Based on these we can take decisions on filtering samples with high missing values, excluding whole assays and metadata variables from statistical analysis.
Dimensionality Reduction
Finally we will run a PCA and UMAP analysis on the data to check if
the data contain any outliers or cluster in an unexpected way. From the
PCA analysis we can also check how the variance in the data is explained
by the different principal components. In this example, we will color
the PCA plot based on Disease
, while the UMAP plot based on
Age
.
The hd_pca()
and hd_umap()
functions will
run the respective analysis while the hd_plot_dim()
will
plot the data on a 2D plane. For the PCA analysis we can also use
hd_plot_pca_loadings()
and
hd_plot_pca_variance()
to plot the loadings of the
different proteins on the principal components and the variance
explained by each principal component respectively.
In the hd_plot_dim()
function we can pass the
color
parameter to color the data points based on a
metadata variable. We should not forget to pass again the hd_obj object
to the metadata
argument so the package can search the
metadata and identify the color
variable.
pca_res <- hd_pca(hd_obj, components = 15) |>
hd_plot_dim(hd_obj, "PC1", "PC2", color = "Disease", palette = "cancers12", axis_variance = TRUE) |>
hd_plot_pca_loadings(displayed_pcs = 6, displayed_features = 10) |>
hd_plot_pca_variance()
head(pca_res$pca_res)
#> # A tibble: 6 × 16
#> DAid PC1 PC2 PC3 PC4 PC5 PC6 PC7 PC8 PC9 PC10
#> <fct> <dbl> <dbl> <dbl> <dbl> <dbl> <dbl> <dbl> <dbl> <dbl> <dbl>
#> 1 DA00… -3.67 -4.28 -2.34 -3.10 -2.65 -2.73 -2.78 0.433 -3.23 -0.399
#> 2 DA00… 4.11 -2.64 2.04 -0.441 -4.43 -1.91 -0.897 1.54 -0.283 0.166
#> 3 DA00… -3.34 4.72 1.41 0.881 -0.561 0.308 -0.0612 -0.267 1.42 0.0840
#> 4 DA00… -4.78 0.443 1.41 0.107 -1.10 -0.262 0.350 3.33 -0.336 -0.748
#> 5 DA00… -4.98 -3.67 0.711 -5.70 -0.807 -3.77 -0.969 1.83 -1.29 -0.991
#> 6 DA00… 0.395 0.0572 -1.90 -7.75 0.707 -2.70 -0.681 0.301 -0.486 1.32
#> # ℹ 5 more variables: PC11 <dbl>, PC12 <dbl>, PC13 <dbl>, PC14 <dbl>,
#> # PC15 <dbl>
pca_res$pca_plot
pca_res$pca_loadings_plot
pca_res$pca_variance_plot
This time we want to color based on a continuous variable, the
Age
. In this case, we can either bin the data into
categories using hd_bin_columns()
and use a categorical
palette as before or use a continuous color palette directly after the
plot is created.
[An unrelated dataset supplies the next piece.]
(* Let $k\ge1$, $\beta\ge1$ integers, and consider weighted $k$-server on a uniform metric space $S$ with $n_{k-1}+1$ points and server weights $1,\beta,\ldots,\beta^{k-1}$, from an arbitrary initial configuration. Then the expected optimal (offline) cost of serving the random request sequence generated by $\mathsf{adversary}(k)$ is at most $\beta^{k-1}+\big((n_{k-1}+1)\cdot H(n_{k-1}+1)-1\big)\cdot c_{k-1}$, where $c_0=0$ and $c_\ell=\beta^{\ell-1}+\beta\cdot(\lceil n_{\ell-1}/2\rceil+1)\cdot c_{\ell-1}$ for $\ell>0$.
   Context: $H(n)=\sum_{i=1}^n1/i$. The sequence $n_0,n_1,\ldots$ is defined by $n_0=1$ and $n_i=\left(\lceil n_{i-1}/2\rceil+1\right)\left(\lfloor n_{i-1}/2\rfloor+1\right)$ for $i>0$. Weighted $k$-server on a uniform metric: $k$ servers with given weights sit at points; each requested point must be occupied by a server after serving it; moving a server of weight $w$ to a different point costs $w$; the optimal offline cost is the minimum cost of serving the whole (known) sequence. For every $\ell\ge1$ and every set $P$ with $|P|=n_\ell$, fix a set system $\mathcal{Q}(\ell,P)\subseteq 2^P$ consisting of $\lceil n_{\ell-1}/2\rceil+1$ sets each of size $n_{\ell-1}$, such that every $p\in P$ is missed by some set of $\mathcal{Q}(\ell,P)$, and for every $p\in P$ there is $q\in P$ with every set of $\mathcal{Q}(\ell,P)$ containing $p$ or $q$ (such systems exist). The procedure $\mathsf{strategy}(\ell,P)$ (with $|P|=n_\ell$) is: if $\ell=0$, request the unique point of $P$; if $\ell>0$, repeat $\beta\cdot(\lceil n_{\ell-1}/2\rceil+1)$ times: pick $P'$ uniformly at random from $\mathcal{Q}(\ell,P)$, independently of all previous random choices, and run $\mathsf{strategy}(\ell-1,P')$. The procedure $\mathsf{adversary}(k)$ on $S$ ($|S|=n_{k-1}+1$, all points initially unmarked) is: repeatedly pick a point $p$ uniformly at random from $S$ (independently) and mark it; if some point of $S$ is still unmarked, run $\mathsf{strategy}(k-1,S\setminus\{p\})$ and continue; otherwise stop. *)

theory Defs
  imports "HOL-Probability.Probability"
begin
We will do the second by setting the palette argument
to NULL and using the viridis
palette afterwards.
umap_res <- hd_umap(hd_obj, components = 2) |>
hd_plot_dim(hd_obj, "UMAP1", "UMAP2", color = "Age", palette = NULL)
umap_res$umap_plot + scale_color_viridis()
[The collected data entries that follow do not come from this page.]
(* Assume $n$ is even. A line $\ell$ of $\mathrm{PG}(n-1,q)$ has the property that $j(\ell)$ is a line if and only if $\ell\in\mathcal D$. Equivalently, for distinct points $Fa,Fb$, the image under $j$ of the line through $Fa$ and $Fb$ is a line if and only if $F(ab^{-1})=C$.
   Context: Let $q$ be a prime power, $F=\mathbb F_q$, $n\ge 2$ an integer, and $L=\mathbb F_{q^n}\supseteq F$. Regard $L$ as an $n$-dimensional $F$-vector space; $\mathrm{PG}(n-1,q)$ denotes the projective space whose points are the one-dimensional $F$-subspaces $Fx$, $x\in L^*$, and whose lines are the two-dimensional $F$-subspaces (identified with their sets of points). Define $j:\mathrm{PG}(n-1,q)\to\mathrm{PG}(n-1,q)$ by $j(Fx)=Fx^{-1}$. When $n$ is even, $C$ denotes the unique subfield of $L$ of order $q^2$; for $x\in L^*$, $Cx$ is a two-dimensional $F$-subspace of $L$, regarded as a line of $\mathrm{PG}(n-1,q)$, and $\mathcal D=\{Cx: x\in L^*\}$ is the Desarguesian line spread. *)

theory Defs
  imports Main
begin

text \<open>Subfields of an ambient field 'a (L = F_{q^n} is modelled as a finite field type).\<close>
definition is_subfield :: "'a::field set \<Rightarrow> bool" where
  "is_subfield S \<longleftrightarrow> 0 \<in> S \<and> 1 \<in> S \<and>
     (\<forall>x\<in>S. \<forall>y\<in>S. x + y \<in> S \<and> x * y \<in> S) \<and>
     (\<forall>x\<in>S. - x \<in> S \<and> inverse x \<in> S)"

definition gen_subfield :: "'a::field set \<Rightarrow> 'a \<Rightarrow> 'a set" where
  "gen_subfield S x = \<Inter>{T. is_subfield T \<and> S \<subseteq> T \<and> x \<in> T}"

text \<open>The one-dimensional F-subspace Fx (a point when x \<noteq> 0); more generally K x = {c x | c in K}.\<close>
definition smul_set :: "'a::field set \<Rightarrow> 'a \<Rightarrow> 'a set" where
  "smul_set K x = {c * x | c. c \<in> K}"

definition span2 :: "'a::field set \<Rightarrow> 'a \<Rightarrow> 'a \<Rightarrow> 'a set" where
  "span2 F a b = {c * a + d * b | c d. c \<in> F \<and> d \<in> F}"

definition pts_of :: "'a::field set \<Rightarrow> 'a set \<Rightarrow> 'a set set" where
  "pts_of F U = {smul_set F x | x. x \<in> U \<and> x \<noteq> 0}"

definition is_line :: "'a::field set \<Rightarrow> 'a set set \<Rightarrow> bool" where
  "is_line F P \<longleftrightarrow> (\<exists>a b. a \<noteq> 0 \<and> b \<noteq> 0 \<and> smul_set F a \<noteq> smul_set F b \<and>
                        P = pts_of F (span2 F a b))"

text \<open>The map j(Fx) = F x^{-1}: the image of the point Fx under elementwise inversion
  (note inverse 0 = 0 in Isabelle, so inverse ` (F x) = F (x^{-1})), extended to sets of points.\<close>
definition jpt :: "'a::field set \<Rightarrow> 'a set" where
  "jpt p = inverse ` p"

definition jset :: "'a::field set set \<Rightarrow> 'a set set" where
  "jset P = jpt ` P"

definition desarg_spread :: "'a::field set \<Rightarrow> 'a set \<Rightarrow> 'a set set set" where
  "desarg_spread F C = {pts_of F (smul_set C x) | x. x \<noteq> 0}"

end

theory Submission
  imports Defs "HOL-Computational_Algebra.Polynomial"
begin

text \<open>Write a line as \<open>span2 F a b = F(t,1)\<cdot>b\<close> with \<open>t = a/b \<notin> F\<close>. The \<open>F\<close>-span \<open>F(t,1)\<close>
  has \<open>q\<^sup>2\<close> elements, so it equals \<open>C\<close> (the only multiplicatively closed set of that size
  containing \<open>0\<close>: the roots of \<open>x ^ q\<^sup>2 = x\<close>) exactly when it is closed under multiplication, i.e.\
  when \<open>t\<close> satisfies a quadratic equation over \<open>F\<close>. If \<open>t \<in> C\<close> the line is the spread element
  \<open>Cb\<close>, which inversion maps onto the spread element \<open>Cb\<inverse>\<close>. Conversely, if the inverted points
  form a line, that line contains, and by counting equals, the span of \<open>a\<inverse>\<close> and \<open>b\<inverse>\<close>, and it
  contains \<open>(a + b)\<inverse>\<close>; writing \<open>(a + b)\<inverse> = \<alpha>a\<inverse> + \<beta>b\<inverse>\<close> and clearing denominators gives
  \<open>\<beta>t\<^sup>2 + (\<alpha> + \<beta> - 1)t + \<alpha> = 0\<close>.\<close>

lemma
  assumes "m \<ge> 2"
  shows finite_fixed_points_power: "finite {x::'a::field. x ^ m = x}"
    and card_fixed_points_power_le: "card {x::'a::field. x ^ m = x} \<le> m"
proof -
  define p :: "'a poly" where "p = monom 1 m - [:0, 1:]"
  have "coeff p m = 1"
    using assms by (auto simp: p_def coeff_monom coeff_pCons split: nat.splits)
  then have "p \<noteq> 0" by auto
  have "degree p \<le> m"
    unfolding p_def using assms by (intro degree_diff_le) (auto simp: degree_monom_le)
  moreover have roots: "{x::'a. x ^ m = x} = {x. poly p x = 0}"
    by (auto simp: p_def poly_monom)
  ultimately show "card {x::'a. x ^ m = x} \<le> m"
    using card_poly_roots_bound[OF \<open>p \<noteq> 0\<close>] by simp
  show "finite {x::'a. x ^ m = x}"
    unfolding roots using poly_roots_finite[OF \<open>p \<noteq> 0\<close>] .
qed

lemma power_card_eq_self:
  fixes S :: "'a::field set"
  assumes "finite S" and mult_closed: "\<And>x y. x \<in> S \<Longrightarrow> y \<in> S \<Longrightarrow> x * y \<in> S"
    and "0 \<in> S" and "x \<in> S"
  shows "x ^ card S = x"
proof (cases "x = 0")
  case True
  then show ?thesis
    using \<open>finite S\<close> \<open>0 \<in> S\<close> by (auto simp: card_gt_0_iff)
next
  case False
  let ?S = "S - {0}"
  have "(*) x ` ?S = ?S"
  proof (rule card_subset_eq)
    show "(*) x ` ?S \<subseteq> ?S"
      using False mult_closed \<open>x \<in> S\<close> by auto
    show "card ((*) x ` ?S) = card ?S"
      using False by (intro card_image) (auto simp: inj_on_def)
  qed (use \<open>finite S\<close> in auto)
  then have "bij_betw ((*) x) ?S ?S"
    using False by (auto simp: bij_betw_def inj_on_def)
  then have "(\<Prod>y\<in>?S. x * y) = (\<Prod>y\<in>?S. y)"
    by (rule prod.reindex_bij_betw)
  then have "x ^ card ?S = 1"
    using \<open>finite S\<close> by (simp add: prod.distrib)
  moreover have "card S = Suc (card ?S)"
    using \<open>finite S\<close> \<open>0 \<in> S\<close> by (rule card.remove)
  ultimately show ?thesis by simp
qed

lemma mult_closed_eq_fixed_points_power_card:
  fixes S :: "'a::field set"
  assumes "finite S" and "\<And>x y. x \<in> S \<Longrightarrow> y \<in> S \<Longrightarrow> x * y \<in> S"
    and "0 \<in> S" and "card S \<ge> 2"
  shows "S = {x. x ^ card S = x}"
proof (rule card_subset_eq)
  show fin: "finite {x::'a. x ^ card S = x}"
    using finite_fixed_points_power[OF \<open>card S \<ge> 2\<close>] .
  show sub: "S \<subseteq> {x. x ^ card S = x}"
    using power_card_eq_self[OF assms(1-3)] by auto
  have "card {x::'a. x ^ card S = x} \<le> card S"
    using \<open>card S \<ge> 2\<close> by (rule card_fixed_points_power_le)
  then show "card S = card {x::'a. x ^ card S = x}"
    using card_mono[OF fin sub] by (rule le_antisym[rotated])
qed

lemma span2_mult_right: "span2 F (t * y) y = smul_set (span2 F t 1) y"
  unfolding span2_def smul_set_def
  apply (auto simp: algebra_simps)
  subgoal for c d by (rule exI[of _ "d + c * t"]) (auto simp: algebra_simps)
  subgoal for c d by blast
  done

locale subfield =
  fixes F :: "'a::field set"
  assumes is_subfield: "is_subfield F"
begin

lemma zero_mem: "0 \<in> F" and one_mem: "1 \<in> F"
  and add_mem: "x \<in> F \<Longrightarrow> y \<in> F \<Longrightarrow> x + y \<in> F"
  and mult_mem: "x \<in> F \<Longrightarrow> y \<in> F \<Longrightarrow> x * y \<in> F"
  and uminus_mem: "x \<in> F \<Longrightarrow> - x \<in> F"
  and inverse_mem: "x \<in> F \<Longrightarrow> inverse x \<in> F"
  using is_subfield by (auto simp: is_subfield_def)

lemma diff_mem: "x \<in> F \<Longrightarrow> y \<in> F \<Longrightarrow> x - y \<in> F"
  using add_mem uminus_mem by (metis diff_conv_add_uminus)

lemma divide_mem: "x \<in> F \<Longrightarrow> y \<in> F \<Longrightarrow> x / y \<in> F"
  using mult_mem inverse_mem by (simp add: divide_inverse)

lemma smul_set_self: "x \<in> smul_set F x"
  unfolding smul_set_def using one_mem by force

lemma smul_set_eq_iff:
  assumes "a \<noteq> 0" "b \<noteq> 0"
  shows "smul_set F a = smul_set F b \<longleftrightarrow> a * inverse b \<in> F"
proof
  assume "smul_set F a = smul_set F b"
  then obtain c where "c \<in> F" "a = c * b"
    using smul_set_self[of a] by (auto simp: smul_set_def)
  then show "a * inverse b \<in> F"
    using assms by (simp add: mult.assoc)
next
  assume t: "a * inverse b \<in> F"
  have "c * a = (c * (a * inverse b)) * b" "c * b = (c / (a * inverse b)) * a" for c
    using assms by (simp_all add: field_simps)
  then show "smul_set F a = smul_set F b"
    unfolding smul_set_def using mult_mem[OF _ t] divide_mem[OF _ t] by blast
qed

lemma inverse_image_smul_set: "inverse ` smul_set F x = smul_set F (inverse x)"
proof
  show "inverse ` smul_set F x \<subseteq> smul_set F (inverse x)"
    unfolding smul_set_def using inverse_mem by (auto simp: inverse_mult_distrib)
  have "c * inverse x = inverse (inverse c * x)" for c
    by (simp add: inverse_mult_distrib)
  then show "smul_set F (inverse x) \<subseteq> inverse ` smul_set F x"
    unfolding smul_set_def using inverse_mem by blast
qed

lemma jset_pts_of: "jset (pts_of F U) = pts_of F (inverse ` U)"
proof -
  have "jset (pts_of F U) = {inverse ` smul_set F x |x. x \<in> U \<and> x \<noteq> 0}"
    unfolding jset_def jpt_def pts_of_def by blast
  also have "\<dots> = {smul_set F (inverse x) |x. x \<in> U \<and> x \<noteq> 0}"
    unfolding inverse_image_smul_set ..
  also have "\<dots> = pts_of F (inverse ` U)"
    unfolding pts_of_def by force
  finally show ?thesis .
qed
We can also run a UMAP where the data points are Proteins (or any
feature) instead of samples. The only thing we need to do is to set the
by_sample
parameter to FALSE
and pass the
Assay
column as the plot_color
parameter. We
can also pass a custom palette to color the different assays. This time
we will use the wrapper function hd_auto_umap()
. The
wrapper functions are a bit less flexible but they are easier to use and
require less code.
umap_res <- hd_auto_umap(hd_obj,
by_sample = FALSE,
plot_color = "Assay",
plot_palette = c("ADA" = "darkblue",
"ABL1" = "red3",
"ACAN" = "green3"))
head(umap_res$umap_res)
#> # A tibble: 6 × 3
#> Assay UMAP1 UMAP2
#> <fct> <dbl> <dbl>
#> 1 AARSD1 3.31 -2.38
#> 2 ABL1 1.52 -1.85
#> 3 ACAA1 0.238 -1.50
#> 4 ACAN -0.289 1.69
#> 5 ACE2 -0.307 -0.731
#> 6 ACOX1 -2.58 1.23
umap_res$umap_plot
📓 Remember that these data are a dummy-dataset with artificial data and the results in this guide should not be interpreted as real results. The purpose of this vignette is to show you how to use the package and its functions.